Raising Pragmatic Consciousness in the Japanese EFL Classroom?

Mayumi Fujioka

Kinki University




Pragmatic Competence/Speech Acts

Perhaps many native English speakers in Japan can relate to the following. Upon coming to Japan their image of Japanese people as being polite and indirect gets completely overturned by some of the linguistic behavior in English of Japanese speakers. For example, when they talk to native English-speaking teachers, Japanese college students often say, "I want you to read my essay" when requesting help, or they say "You had better turn off the lights" when offering advice to a teacher about how to use an overhead projector. Why do those students, who can behave politely in their native language, say things that strike other speakers as rude or pushy when speaking English? This question raises the issue of pragmatic competence.

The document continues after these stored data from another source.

lemma J2_im_J1_model:
  assumes j: "j < k"
  shows "J2_im k (J1_model k X) j = - J1_im k (J2_model k X) j"
proof -
  have "J2_im k (J1_model k X) j = shear k (c_im k) (\<lambda>l. - anti_mean k X l) j"
    by (rule shear_cong) (simp_all add: anti_coords_J1_model j)
  then show ?thesis
    by (simp add: shear_uminus J1_im_J2_model[OF j])
qed

lemma J1_J2_model_anticommute_row_upper:
  assumes a: "a < k" and ab: "a < b" and ba: "b < 2*k - a"
  shows "J1_model k (J2_model k X) a b = - J2_model k (J1_model k X) a b"
proof -
  have "layer k a < layer k b" unfolding layer_def using a ab ba by auto
  moreover have "a < Suc (2*k)" "b < Suc (2*k)" "2*k - a < Suc (2*k)" "2*k - (2*k - a) = a"
    "\<not> 2*k - a < b" "2*k - a \<noteq> b" "a \<noteq> b"
    using a ab ba by auto
  ultimately show ?thesis unfolding J1_model_def J2_model_def using a ab ba by simp
qed

lemma J1_J2_model_anticommute_row_lower:
  assumes a: "k < a" "a \<le> 2*k" and ab: "2*k - a < b" and ba: "b < a"
  shows "J1_model k (J2_model k X) a b = - J2_model k (J1_model k X) a b"
proof -
  have "layer k a < layer k b" unfolding layer_def using a ab ba by auto
  moreover have "a < Suc (2*k)" "b < Suc (2*k)" "2*k - a < Suc (2*k)" "2*k - (2*k - a) = a"
    "\<not> b < 2*k - a" "2*k - a \<noteq> b" "a \<noteq> b" "\<not> a < k" "\<not> a < b"
    using a ab ba by auto
  ultimately show ?thesis unfolding J1_model_def J2_model_def using a ab ba by simp
qed

lemma J1_J2_model_anticommute_col_left:
  assumes b: "b < k" and ab: "b < a" and ba: "a < 2*k - b"
  shows "J1_model k (J2_model k X) a b = - J2_model k (J1_model k X) a b"
proof -
  have "layer k b < layer k a" "\<not> layer k a < layer k b" unfolding layer_def using b ab ba by auto
  moreover have "a < Suc (2*k)" "b < Suc (2*k)" "2*k - b < Suc (2*k)" "2*k - (2*k - b) = b"
    "\<not> 2*k - b < a" "2*k - b \<noteq> a" "a \<noteq> b" "\<not> a < b"
    using b ab ba by auto
  ultimately show ?thesis unfolding J1_model_def J2_model_def using b ab ba by simp
qed

lemma J1_J2_model_anticommute_col_right:
  assumes b: "k < b" "b \<le> 2*k" and ab: "2*k - b < a" and ba: "a < b"
  shows "J1_model k (J2_model k X) a b = - J2_model k (J1_model k X) a b"
proof -
  have "layer k b < layer k a" "\<not> layer k a < layer k b" unfolding layer_def using b ab ba by auto
  moreover have "a < Suc (2*k)" "b < Suc (2*k)" "2*k - b < Suc (2*k)" "2*k - (2*k - b) = b"
    "\<not> a < 2*k - b" "2*k - b \<noteq> a" "a \<noteq> b" "\<not> b < k" "\<not> b < a"
    using b ab ba by auto
  ultimately show ?thesis unfolding J1_model_def J2_model_def using b ab ba by simp
qed

lemma J1_J2_model_anticommute_antidiag:
  assumes k: "0 < k" and j: "j < k"
  shows "J1_model k (J2_model k X) j (2*k - j) = - J2_model k (J1_model k X) j (2*k - j)"
    and "J1_model k (J2_model k X) (2*k - j) j = - J2_model k (J1_model k X) (2*k - j) j"
proof -
  have l: "\<not> layer k j < layer k (2*k - j)" "\<not> layer k (2*k - j) < layer k j"
    and f: "j < Suc (2*k)" "2*k - j < Suc (2*k)" "j \<noteq> 2*k - j" "2*k - j \<noteq> j" "j < 2*k - j" "\<not> 2*k - j < j"
    using j unfolding layer_def by auto
  have "J1_model k (J2_model k X) j (2*k - j) = \<i> * complex_of_real (diag_re X j - J1_re k X j)"
    unfolding J1_model_def using f by (simp add: J2_model_def l f)
  moreover have "J2_model k (J1_model k X) j (2*k - j) = \<i> * complex_of_real (J1_re k X j - diag_re X j)"
    unfolding J2_model_def using l f by (simp add: J1_re_J1_model[OF k j] diag_re_J1_model[OF j])
  ultimately show "J1_model k (J2_model k X) j (2*k - j) = - J2_model k (J1_model k X) j (2*k - j)"
    by (metis minus_diff_eq of_real_diff mult_minus_right)
  have "J1_model k (J2_model k X) (2*k - j) j = - (\<i> * complex_of_real (diag_re X j + J1_re k X j))"
    unfolding J1_model_def using f by (simp add: J2_model_def l f)
  moreover have "J2_model k (J1_model k X) (2*k - j) j = \<i> * complex_of_real (diag_re X j + J1_re k X j)"
    unfolding J2_model_def using l f by (simp add: J1_re_J1_model[OF k j] diag_re_J1_model[OF j])
  ultimately show "J1_model k (J2_model k X) (2*k - j) j = - J2_model k (J1_model k X) (2*k - j) j"
    by simp
qed

lemma J1_J2_model_anticommute_diag:
  assumes k: "0 < k" and a: "a < Suc (2*k)"
  shows "J1_model k (J2_model k X) a a = - J2_model k (J1_model k X) a a"
proof -
  have "J1_model k (J2_model k X) a a = cartan k (J1_re k (J2_model k X)) (J1_im k (J2_model k X)) a"
    using a by (rule J1_model_diag)
  also have "\<dots> = cartan k (anti_skew k X) (J1_im k (J2_model k X)) a"
    by (rule cartan_cong) (use a J1_re_J2_model[OF k] in auto)
  also have "\<dots> = - cartan k (\<lambda>j. - anti_skew k X j) (\<lambda>j. - J1_im k (J2_model k X) j) a"
    by (simp add: cartan_uminus)
  also have "\<dots> = - cartan k (anti_mean k (J1_model k X)) (J2_im k (J1_model k X)) a"
    by (rule arg_cong[where f = uminus], rule cartan_cong)
      (use a anti_coords_J1_model J2_im_J1_model in auto)
  also have "\<dots> = - J2_model k (J1_model k X) a a"
    unfolding J2_model_def using a by simp
  finally show ?thesis .
qed

lemma J1_J2_model_anticommute:
  assumes k: "0 < k"
  shows "J1_model k (J2_model k X) = - J2_model k (J1_model k X)"
proof (rule cmat_eqI)
  fix a b
  show "J1_model k (J2_model k X) a b = (- J2_model k (J1_model k X)) a b"
  proof (cases "a < Suc (2*k) \<and> b < Suc (2*k)")
    case False
    then show ?thesis unfolding J1_model_def J2_model_def by auto
  next
    case True
    then have "a \<le> 2*k" "b \<le> 2*k" by auto
    then show ?thesis
    proof (cases rule: mirror_regions)
      case row_upper then show ?thesis using J1_J2_model_anticommute_row_upper by simp
    next
      case row_lower then show ?thesis using J1_J2_model_anticommute_row_lower \<open>a \<le> 2*k\<close> by simp
    next
      case col_left then show ?thesis using J1_J2_model_anticommute_col_left by simp
    next
      case col_right then show ?thesis using J1_J2_model_anticommute_col_right \<open>b \<le> 2*k\<close> by simp
    next
      case diag then show ?thesis using J1_J2_model_anticommute_diag[OF k] True by simp
    next
      case anti_upper then show ?thesis using J1_J2_model_anticommute_antidiag(1)[OF k] by simp
    next
      case anti_lower then show ?thesis using J1_J2_model_anticommute_antidiag(2)[OF k] by simp
    qed
  qed
qed

section \<open>The hyper-paracomplex structure\<close>

context
  fixes k :: nat
  assumes k: "0 < k"
begin

interpretation R: lie_conjugation "Suc (2*k)" "su_anti k" "su_anti k" "rot k" "rot_inv k"
  by (rule lie_conjugation_rot)

lemma lin_endo_J2_model: "lin_endo (su_anti k) (J2_model k)"
  using R.L1.lin_endo_cong R.lin_endo_conj_endo[OF lin_endo_J1_model] J2_model_eq_conj_endo by blast

lemma J2_model_involutive: "X \<in> su_anti k \<Longrightarrow> J2_model k (J2_model k X) = X"
  using R.conj_endo_comp[OF lin_endo_J1_model] J1_model_involutive[OF R.mconj_inv_mem k] R.mconj_inv
    J2_model_eq_conj_endo R.L1.lin_endo_mem[OF lin_endo_J2_model] by simp

lemma J2_model_anti_isometry:
  "X \<in> su_anti k \<Longrightarrow> Y \<in> su_anti k \<Longrightarrow>
    Bform (Suc (2*k)) (J2_model k X) (J2_model k Y) = - Bform (Suc (2*k)) X Y"
  using R.Bform_conj_endo[OF lin_endo_J1_model, of "-1"] J1_model_anti_isometry[OF _ _ k]
    J2_model_eq_conj_endo by simp

lemma J2_model_integrable:
  "X \<in> su_anti k \<Longrightarrow> Y \<in> su_anti k \<Longrightarrow> nijenhuis (Suc (2*k)) (J2_model k) X Y = 0"
  using R.L1.nijenhuis_cong[OF R.lin_endo_conj_endo[OF lin_endo_J1_model] J2_model_eq_conj_endo]
    R.nijenhuis_conj_endo[OF lin_endo_J1_model J1_model_integrable[OF k]] by simp

lemma hyper_paracomplex_model:
  "hyper_paracomplex (Suc (2*k)) (su_anti k) (J1_model k) (J2_model k) (\<lambda>X. J1_model k (J2_model k X))"
proof -
  have anti: "J2_model k (J1_model k X) = - J1_model k (J2_model k X)" for X
    using J1_J2_model_anticommute[OF k] by (metis minus_minus)
  have J3: "J1_model k (J2_model k (J1_model k (J2_model k X))) = - X" if "X \<in> su_anti k" for X
    using that anti J1_model_involutive[OF _ k] J2_model_involutive R.L1.lin_endo_uminus[OF lin_endo_J1_model]
      J1_model_mem by simp
  have "nijenhuis (Suc (2*k)) (\<lambda>X. J1_model k (J2_model k X)) X Y = 0"
    if "X \<in> su_anti k" "Y \<in> su_anti k" for X Y
    by (rule R.L1.composite_integrable[OF lin_endo_J1_model lin_endo_J2_model])
      (use that anti J1_model_involutive[OF _ k] J2_model_involutive J1_model_integrable[OF k]
        J2_model_integrable in auto)
  then show ?thesis
    unfolding hyper_paracomplex_def almost_hyper_paracomplex_def
    using lin_endo_J1_model lin_endo_J2_model R.L1.lin_endo_comp[OF lin_endo_J1_model lin_endo_J2_model]
      J1_model_involutive[OF _ k] J2_model_involutive J3 anti J1_model_integrable[OF k] J2_model_integrable
    by auto
qed

lemma hyperparahermitian_model:
  "hyperparahermitian (su_anti k) (Bform (Suc (2*k))) (J1_model k) (J2_model k) (\<lambda>X. J1_model k (J2_model k X))"
  unfolding hyperparahermitian_def
  using J1_model_anti_isometry[OF _ _ k] J2_model_anti_isometry
    lie_subalgebra.lin_endo_mem[OF lie_subalgebra_su_anti lin_endo_J2_model]
  by simp

lemma hyper_su_pq:
  "\<exists>J1 J2 J3. hyper_paracomplex (Suc (2*k)) (su_pq (Suc k) k) J1 J2 J3 \<and>
     hyperparahermitian (su_pq (Suc k) k) (Bform (Suc (2*k))) J1 J2 J3"
  using lie_conjugation.hyper_paracomplex_conj_endo[OF lie_conjugation_ipq_to_antidiag hyper_paracomplex_model]
    lie_conjugation.hyperparahermitian_conj_endo[OF lie_conjugation_ipq_to_antidiag hyper_paracomplex_model
      hyperparahermitian_model]
  by blast

end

Pragmatic competence refers to the ability to use language in culturally and contextually appropriate ways. The studies on interlanguage pragmatics have paid a great deal of attention to second language learners' pragmatic competence in terms of speech acts, that is, "[a]ctions performed via utterances" (Yule, 1996, p.47). Specific speech acts include apologies, complaints, compliments, refusals, requests, and suggestions. Compared with native speakers, the research findings overall indicate that even advanced-level nonnative speakers often lack native-like pragmatic competence in a range of speech acts (Bardovi-Harlig, 1992).

There are several reasons for this lack of appropriate pragmatic competence. First, learners may not realize that there are different ways to convey the speaker's intention; they know they can say, "Please lend me your CD" but may not know other or more indirect ways of making the same request, such as "Could I borrow your CD?", "Would you mind if I borrowed your CD?", or "I was just wondering if I could borrow your CD." Second, there is an issue of pragmatic transfer, (the influence from the nonnative speaker's L1). As in the case of the Japanese speaker of English saying, "I want you to read my essay," the speaker is attempting to translate an equivalent linguistic form in Japanese "essei wo mitehoshiin desukedo," which functions appropriately as a request in Japanese.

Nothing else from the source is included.